AI Dictionary
Advanced· ~2 min read#lora#peft#fine-tuning

LoRA

Low-Rank Adaptation

A parameter-efficient fine-tuning method that freezes the big model and trains only small adapter matrices alongside it.

LOW-RANK ADAPTATIONFROZEN BASEW7B params · untouched+LoRA ADAPTERA×B~0.5% trainable paramstrain just two tiny matrices instead of all 7 billion weights
Definition

Fine-tuning a 7B-parameter LLM normally means updating every weight — that's high-end GPUs, gigabytes of VRAM, and weeks of compute.
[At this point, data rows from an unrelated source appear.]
text \<open>Mean value theorem in direction \<open>i\<close>, applied to the difference of \<open>f\<close> along two
  parallel lines, followed by the first-order expansion of \<open>pd f i\<close> at \<open>x\<close>.\<close>
lemma second_difference_approx:
  fixes f :: "real^'n \<Rightarrow> real"
  assumes U: "open U" "x \<in> U" and f: "\<forall>y\<in>U. f differentiable at y"
    and D: "(pd f i has_derivative D) (at x)" and e: "e > 0"
  shows "\<exists>d>0. \<forall>t. 0 < t \<and> t < d \<longrightarrow>
    \<bar>f (x + t *\<^sub>R axis j 1 + t *\<^sub>R axis i 1) - f (x + t *\<^sub>R axis i 1) - f (x + t *\<^sub>R axis j 1) + f x
      - t * t * D (axis j 1)\<bar> \<le> 3 * e * t * t"
proof -
  obtain r where r: "r > 0" "ball x r \<subseteq> U" using U open_contains_ball by blast
  from D[unfolded has_derivative_at_alt] e obtain d1 where d1: "d1 > 0"
    "\<forall>y. norm (y - x) < d1 \<longrightarrow> norm (pd f i y - pd f i x - D (y - x)) \<le> e * norm (y - x)"
    and "bounded_linear D" by blast
  then have lin: "linear D" using bounded_linear.linear by blast
  let ?ei = "axis i (1::real)" and ?ej = "axis j (1::real)"
  show ?thesis
  proof (intro exI[of _ "min (r/2) (d1/2)"] conjI allI impI)
    show "0 < min (r/2) (d1/2)" using r d1 by simp
    fix t :: real assume t: "0 < t \<and> t < min (r/2) (d1/2)"
    define u where "u s = f ((x + t *\<^sub>R ?ej) + s *\<^sub>R ?ei) - f (x + s *\<^sub>R ?ei)" for s
    define u' where "u' s = pd f i ((x + t *\<^sub>R ?ej) + s *\<^sub>R ?ei) - pd f i (x + s *\<^sub>R ?ei)" for s
    have inU: "(x + t *\<^sub>R ?ej) + s *\<^sub>R ?ei \<in> U" "x + s *\<^sub>R ?ei \<in> U" if "0 \<le> s" "s \<le> t" for s
    proof -
      have "norm (t *\<^sub>R ?ej + s *\<^sub>R ?ei) \<le> t + s"
        using norm_triangle_ineq[of "t *\<^sub>R ?ej" "s *\<^sub>R ?ei"] that t by simp
      moreover have "dist x ((x + t *\<^sub>R ?ej) + s *\<^sub>R ?ei) = norm (t *\<^sub>R ?ej + s *\<^sub>R ?ei)"
        using dist_add_cancel[of x 0 "t *\<^sub>R ?ej + s *\<^sub>R ?ei"] by (simp add: add.assoc)
      ultimately have "dist x ((x + t *\<^sub>R ?ej) + s *\<^sub>R ?ei) < r"
        using that t by linarith
      then show "(x + t *\<^sub>R ?ej) + s *\<^sub>R ?ei \<in> U" using r by auto
      have "dist x (x + s *\<^sub>R ?ei) < r" using that t by (simp add: dist_norm)
      then show "x + s *\<^sub>R ?ei \<in> U" using r by auto
    qed
    have "DERIV u s :> u' s" if "0 \<le> s" "s \<le> t" for s
      unfolding u_def u'_def pd_def
      by (intro DERIV_diff has_real_derivative_along_line) (use f inU[OF that] in auto)
    then obtain z where z: "0 < z" "z < t" "u t - u 0 = (t - 0) * u' z"
      using MVT2[of 0 t u u'] t by auto
    define p1 where "p1 = (x + t *\<^sub>R ?ej) + z *\<^sub>R ?ei"
    define p2 where "p2 = x + z *\<^sub>R ?ei"
    have n1: "norm (p1 - x) \<le> 2 * t"
      using norm_triangle_ineq[of "t *\<^sub>R ?ej" "z *\<^sub>R ?ei"] t z by (simp add: p1_def)
    have n2: "norm (p2 - x) \<le> t" using z by (simp add: p2_def)
    have b1: "norm (pd f i p1 - pd f i x - D (p1 - x)) \<le> e * norm (p1 - x)"
      using d1(2) n1 t by auto
    have b2: "norm (pd f i p2 - pd f i x - D (p2 - x)) \<le> e * norm (p2 - x)"
      using d1(2) n2 t z by auto
    have "D (p1 - x) - D (p2 - x) = t * D ?ej"
      using lin by (simp add: p1_def p2_def linear_add linear_scale)
    then have "u' z - t * D ?ej
        = (pd f i p1 - pd f i x - D (p1 - x)) - (pd f i p2 - pd f i x - D (p2 - x))"
      by (simp add: u'_def p1_def p2_def)
    then have "\<bar>u' z - t * D ?ej\<bar> \<le> e * norm (p1 - x) + e * norm (p2 - x)"
      using b1 b2 by (simp add: abs_diff_le_iff) linarith
    also have "\<dots> \<le> e * (2 * t) + e * t"
      using n1 n2 e by (intro add_mono mult_left_mono) auto
    finally have bd: "\<bar>u' z - t * D ?ej\<bar> \<le> 3 * e * t" by simp
    have "u t - u 0 - t * t * D ?ej = t * (u' z - t * D ?ej)" using z by (simp add: algebra_simps)
    then have "\<bar>u t - u 0 - t * t * D ?ej\<bar> = t * \<bar>u' z - t * D ?ej\<bar>" using t by (simp add: abs_mult)
    also have "\<dots> \<le> t * (3 * e * t)" using bd t by (simp add: mult_left_mono)
    finally show "\<bar>f (x + t *\<^sub>R ?ej + t *\<^sub>R ?ei) - f (x + t *\<^sub>R ?ei) - f (x + t *\<^sub>R ?ej) + f x
      - t * t * D ?ej\<bar> \<le> 3 * e * t * t" by (simp add: u_def algebra_simps)
  qed
qed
LoRA (2021, Microsoft) cuts that cost roughly 100×.

The idea: freeze the base model (its weights don't change). Add two small matrices to each layer: A (n × r) and B (r × m), with r small (usually 8–64). Their product represents the delta to add to the base weights. Only A and B are trained.
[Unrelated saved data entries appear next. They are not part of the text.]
(* Let $\mathcal M\in\{\mathbb R,\mathbb T\}$, $1\le p,q\le\infty$, $s\in\mathbb R$. For $N\ge2$ and $R>0$ let $\phi_{0,N}$ be defined by $\mathcal F\phi_{0,N}(\xi)=R\chi_{I_N}(\xi)$ ($\xi\in\widehat{\mathcal M}$), $I_N=[-N-1,-N+1]\cup[N-1,N+1]$. Then there exist $T_0>0$, $N_0\ge2$ and $c>0$ such that for all $N\ge N_0$, $R>0$ and $0<T\le T_0$, $$\|U_2[\phi_{0,N}](T)\|_{\widehat w^{p,q}_s}\ \ge\ \big\|\,\|\chi_{n+Q_1}(\xi)\mathcal FU_2[\phi_{0,N}](T)(\xi)\|_{L^p_\xi(\widehat{\mathcal M})}\langle n\rangle^s\big\|_{\ell^q(n=1)}\ \ge\ c\,R^2T,$$ where $\|a_n\|_{\ell^q(n=1)}=|a_1|$.
   Context: $\widehat{\mathcal M}$ is the dual group ($\mathbb R$, or $\mathbb Z$ for $\mathcal M=\mathbb T$); $\mathcal F$ the Fourier transform; $\langle n\rangle=(1+|n|^2)^{1/2}$; $Q_1=(-\tfrac12,\tfrac12]$; $\|f\|_{\widehat w^{p,q}_s}=\big\|\,\|\chi_{n+Q_1}\mathcal Ff\|_{L^p(\widehat{\mathcal M})}\langle n\rangle^s\big\|_{\ell^q_n(\mathbb Z)}$. With $\varphi(\xi)=\xi/(1+\xi^2)$, $U(t)=\mathcal F^{-1}e^{it\varphi(\xi)}\mathcal F$ and $\mathcal N(u,v)(t)=\int_0^tU(t-\tau)\varphi(D_x)(uv)(\tau)\,d\tau$, the second Picard iterate is $U_2[u_0](t)=-\frac i2\mathcal N(U(\cdot)u_0,U(\cdot)u_0)(t)$. *)

theory Defs
  imports "HOL-Analysis.Analysis" "HOL-Probability.Essential_Supremum"
begin

datatype manifold = Line | Torus

text \<open>Haar measure on the dual group, realised on real frequencies:
  Lebesgue measure for R, counting measure on the integers for T.\<close>
definition dual_measure :: "manifold \<Rightarrow> real measure" where
  "dual_measure M = (case M of Line \<Rightarrow> lborel | Torus \<Rightarrow> count_space \<int>)"

text \<open>Fourier convention: F f(xi) = integral e^(-i x xi) f(x) dx on R,
  Fourier coefficients (1/(2 pi)) integral_0^(2 pi) e^(-i n x) f(x) dx on T.
  Then F(u v) = kappa * (F u * F v) (convolution over the dual group).\<close>
definition conv_const :: "manifold \<Rightarrow> complex" where
  "conv_const M = (case M of Line \<Rightarrow> 1 / (2 * complex_of_real pi) | Torus \<Rightarrow> 1)"

definition dual_conv :: "manifold \<Rightarrow> (real \<Rightarrow> complex) \<Rightarrow> (real \<Rightarrow> complex) \<Rightarrow> real \<Rightarrow> complex" where
  "dual_conv M f g \<xi> = conv_const M * (\<integral>\<eta>. f (\<xi> - \<eta>) * g \<eta> \<partial>dual_measure M)"

definition symb :: "real \<Rightarrow> real" where
  "symb \<xi> = \<xi> / (1 + \<xi>\<^sup>2)"

definition U_hat :: "real \<Rightarrow> (real \<Rightarrow> complex) \<Rightarrow> real \<Rightarrow> complex" where
  "U_hat t u0h \<xi> = exp (\<i> * complex_of_real (t * symb \<xi>)) * u0h \<xi>"

text \<open>Fourier transform of N(u,v)(t) = int_0^t U(t-tau) phi(D)(u v)(tau) dtau,
  where u, v are given through their Fourier transforms uh tau, vh tau.\<close>
definition N_hat :: "manifold \<Rightarrow> (real \<Rightarrow> real \<Rightarrow> complex) \<Rightarrow> (real \<Rightarrow> real \<Rightarrow> complex)
    \<Rightarrow> real \<Rightarrow> real \<Rightarrow> complex" where
  "N_hat M uh vh t \<xi> =
     (LBINT \<tau>=0..t. exp (\<i> * complex_of_real ((t - \<tau>) * symb \<xi>)) * complex_of_real (symb \<xi>)
                      * dual_conv M (uh \<tau>) (vh \<tau>) \<xi>)"

text \<open>Fourier transform of the second Picard iterate U_2[u0](t) = -(i/2) N(U u0, U u0)(t).\<close>
definition U2_hat :: "manifold \<Rightarrow> (real \<Rightarrow> complex) \<Rightarrow> real \<Rightarrow> real \<Rightarrow> complex" where
  "U2_hat M u0h t \<xi> = - (\<i> / 2) * N_hat M (\<lambda>\<tau>. U_hat \<tau> u0h) (\<lambda>\<tau>. U_hat \<tau> u0h) t \<xi>"

definition ennpow :: "ennreal \<Rightarrow> real \<Rightarrow> ennreal" where
  "ennpow x r = (if x = \<infinity> then \<infinity> else ennreal (enn2real x powr r))"

definition Lp_norm :: "'a measure \<Rightarrow> ennreal \<Rightarrow> ('a \<Rightarrow> ennreal) \<Rightarrow> ennreal" where
  "Lp_norm \<mu> p f = (if p = \<infinity> then esssup \<mu> f
       else ennpow (\<integral>\<^sup>+x. ennpow (f x) (enn2real p) \<partial>\<mu>) (1 / enn2real p))"

definition jbr :: "int \<Rightarrow> real" where
  "jbr n = sqrt (1 + (real_of_int n)\<^sup>2)"

definition Q1 :: "real set" where
  "Q1 = {-1/2<..1/2}"

definition wpiece :: "manifold \<Rightarrow> ennreal \<Rightarrow> real \<Rightarrow> (real \<Rightarrow> complex) \<Rightarrow> int \<Rightarrow> ennreal" where
  "wpiece M p s fh n =
     Lp_norm (dual_measure M) p (\<lambda>\<xi>. ennreal (indicator ((\<lambda>x. real_of_int n + x) ` Q1) \<xi> * cmod (fh \<xi>)))
     * ennreal (jbr n powr s)"

definition wnorm :: "manifold \<Rightarrow> ennreal \<Rightarrow> ennreal \<Rightarrow> real \<Rightarrow> (real \<Rightarrow> complex) \<Rightarrow> ennreal" where
  "wnorm M p q s fh = Lp_norm (count_space (UNIV :: int set)) q (wpiece M p s fh)"

definition I_N :: "real \<Rightarrow> real set" where
  "I_N N = {-N-1..-N+1} \<union> {N-1..N+1}"

definition phi0_hat :: "real \<Rightarrow> real \<Rightarrow> real \<Rightarrow> complex" where
  "phi0_hat R N \<xi> = complex_of_real (R * indicator (I_N N) \<xi>)"

end

theory Submission
  imports Defs "HOL-Probability.Characteristic_Functions"
begin

text \<open>At an output frequency \<xi> near 1 the bilinear term collects the interactions of
  \<eta> \<approx> N + 1 with \<xi> - \<eta> \<approx> -N, both in the support I_N of the datum. Its Fourier transform
  at \<xi> is -(i/2) \<phi>(\<xi>) \<kappa> times the time integral over [0, T] of exp(i (T - \<tau>) \<phi>(\<xi>)) F(\<tau>),
  where F(\<tau>) integrates exp(i \<tau> (\<phi>(\<xi> - \<eta>) + \<phi>(\<eta>))) against the weight
  R^2 \<chi>(\<xi> - \<eta>) \<chi>(\<eta>) \<ge> 0. Since |\<phi>| \<le> 1/2 the phases are bounded, so F is Lipschitz and
  F(0), the mass of the weight, is at least R^2/2; for T \<le> 1/3 the time integral therefore
  cannot cancel and is at least T F(0) / 2. With \<phi> \<ge> 2/5 on [1/2, 3/2] this gives
  |F U_2(T)| \<ge> R^2 T / 160 on a set of measure at least 1 inside 1 + Q_1, which bounds
  every L^p norm there, hence the piece n = 1 of the amalgam norm.\<close>

lemma norm_iexp_diff_le: "cmod (iexp a - iexp b) \<le> \<bar>a - b\<bar>"
proof -
  have "iexp a - iexp b = iexp b * (iexp (a - b) - 1)"
    by (simp add: algebra_simps flip: exp_add)
  then show ?thesis
    using iexp_approx1[of "a - b" 0] by (simp add: norm_mult)
qed

lemma ennpow_mono: "x \<le> y \<Longrightarrow> 0 \<le> r \<Longrightarrow> ennpow x r \<le> ennpow y r"
  unfolding ennpow_def
  by (auto intro!: ennreal_leI powr_mono2 enn2real_mono simp: top_unique less_top)

lemma ennpow_ennpow_inverse: "0 < r \<Longrightarrow> ennpow (ennpow x r) (1 / r) = x"
  by (cases "x = \<infinity>") (auto simp: ennpow_def powr_powr less_top)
Result: on a 7B model, only ~5M parameters get trained (~0.07%). One consumer GPU (24GB VRAM) is enough. The output adapter is ~50MB and snaps onto the base model at runtime.

Analogy

Instead of rewriting a book, you stick post-it notes in the margins. The book (base model) stays untouched. The post-its (LoRA adapter) add commentary. Make different post-it sets for different scenarios and swap them in and out of the same book.

Real-world example

You want to specialize Llama-3-8B for Turkish legal documents. Classic fine-tuning: 8× A100, $5000+, 3 days. With LoRA: one RTX 4090, $20 of electricity, 4 hours. Resulting adapter: 80MB.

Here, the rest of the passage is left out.